- [Work instruction] Locate each line below that includes "powr" and reproduce it.

- [Records for processing]
lemma mean_mix_entropy_eq:
  assumes s: "s > 0" and \<sigma>: "\<sigma> > 0"
  shows "- (\<integral>w. W_density s (w :: real^'n::finite^'q::finite) *
              (\<integral>x. mix_density \<sigma> x w * ln (mix_density \<sigma> x w) \<partial>lborel) \<partial>lborel)
    = real CARD('n) / 2 * ln (2 * pi * \<sigma>\<^sup>2)
      + (\<integral>w. gauss_density s (w::real^'n^'q)
          * (\<integral>x. mix_density \<sigma> x w * mix_surprisal \<sigma> x w \<partial>lborel) \<partial>lborel)"
proof -
  define c where "c = real CARD('n) / 2 * ln (2 * pi * \<sigma>\<^sup>2)"
  define M where "M w = (\<integral>x. mix_density \<sigma> x w * mix_surprisal \<sigma> x w \<partial>lborel)" for w :: "real^'n^'q"
  have "- (\<integral>w. W_density s (w :: real^'n^'q)
        * (\<integral>x. mix_density \<sigma> x w * ln (mix_density \<sigma> x w) \<partial>lborel) \<partial>lborel)
      = (\<integral>w. c * gauss_density s (w :: real^'n^'q) + gauss_density s w * M w \<partial>lborel)"
    using s by (simp add: W_density_eq_gauss_density integral_mix_density_ln[OF \<sigma>] M_def c_def
        algebra_simps flip: Bochner_Integration.integral_minus)
  also have "\<dots> = c + (\<integral>w. gauss_density s w * M w \<partial>lborel)"
  proof -
    have "integrable lborel (\<lambda>w::real^'n^'q. gauss_density s w)"
      and "(\<integral>w. gauss_density s (w :: real^'n^'q) \<partial>lborel) = 1"
      using has_bochner_integral_gauss_density[OF s, of "0::real^'n^'q"]
      by (simp_all add: has_bochner_integral_iff)
    then show ?thesis
      unfolding M_def
      by (simp add: Bochner_Integration.integral_add[OF integrable_mult_right
            integrable_gauss_mix_surprisal[OF s \<sigma>]])
  qed
  finally show ?thesis
    by (simp add: c_def M_def)
qed

theorem lemma1:
  fixes \<sigma> s \<mu> :: real
  assumes "\<sigma> > 0" and "s > 0" and "\<mu> = s\<^sup>2 / \<sigma>\<^sup>2"
  shows "- (\<integral>w. W_density s (w :: real^'n::finite^'q::finite) *
              (\<integral>x. mix_density \<sigma> x w * ln (mix_density \<sigma> x w) \<partial>lborel) \<partial>lborel)
    = real CARD('n) / 2 * ln (2 * pi * \<sigma>\<^sup>2)
      - (\<mu> / real CARD('q)) powr (real CARD('n) / 2)
        * (2 * pi) powr (- (real CARD('q) * real CARD('n)) / 2)
        * (1 / real CARD('q))
        * (\<Sum>j\<in>UNIV. \<integral>z.
             exp (- 1/2 * (\<Sum>a\<in>UNIV. (norm ((z :: real^'n^'q) $ a))\<^sup>2)
                  + 1 / (2 * real CARD('q)) * (norm (\<Sum>a\<in>UNIV. z $ a))\<^sup>2
                  - \<mu> / 2 * (norm (z $ j))\<^sup>2)
             * ln (1 / real CARD('q) * (\<Sum>k\<in>UNIV. exp (- \<mu> / 2 * (norm (z $ k))\<^sup>2))) \<partial>lborel)"
proof -
  note \<sigma> = assms(1) and s = assms(2) and \<mu> = assms(3)
  have "- (\<integral>w. W_density s (w :: real^'n^'q)
        * (\<integral>x. mix_density \<sigma> x w * ln (mix_density \<sigma> x w) \<partial>lborel) \<partial>lborel)
      = real CARD('n) / 2 * ln (2 * pi * \<sigma>\<^sup>2)
        + (\<integral>w. gauss_density s (w :: real^'n^'q)
            * (\<integral>x. mix_density \<sigma> x w * mix_surprisal \<sigma> x w \<partial>lborel) \<partial>lborel)"
    by (rule mean_mix_entropy_eq[OF s \<sigma>])
  also have "(\<integral>w. gauss_density s (w :: real^'n^'q)
        * (\<integral>x. mix_density \<sigma> x w * mix_surprisal \<sigma> x w \<partial>lborel) \<partial>lborel)
      = (\<mu> / real CARD('q)) powr (real CARD('n) / 2) * (2 * pi) powr (- real (CARD('q) * CARD('n)) / 2)
        / real CARD('q) * (\<Sum>j\<in>UNIV. \<integral>z. exp (- scatter z / 2 - \<mu> / 2 * (norm (z $ j))\<^sup>2)
          * neg_log_mean_gauss (\<mu> / 2) (z::real^'n^'q) \<partial>lborel)"
    by (rule integral_gauss_mix_surprisal[OF s \<sigma> \<mu>])
  finally show ?thesis
    unfolding exp_mult_ln_mean_exp_eq Bochner_Integration.integral_minus sum_negf by simp
qed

- [Answer box]
      - (\<mu> / real CARD('q)) powr (real CARD('n) / 2)
        * (2 * pi) powr (- (real CARD('q) * real CARD('n)) / 2)
      = (\<mu> / real CARD('q)) powr (real CARD('n) / 2) * (2 * pi) powr (- real (CARD('q) * CARD('n)) / 2)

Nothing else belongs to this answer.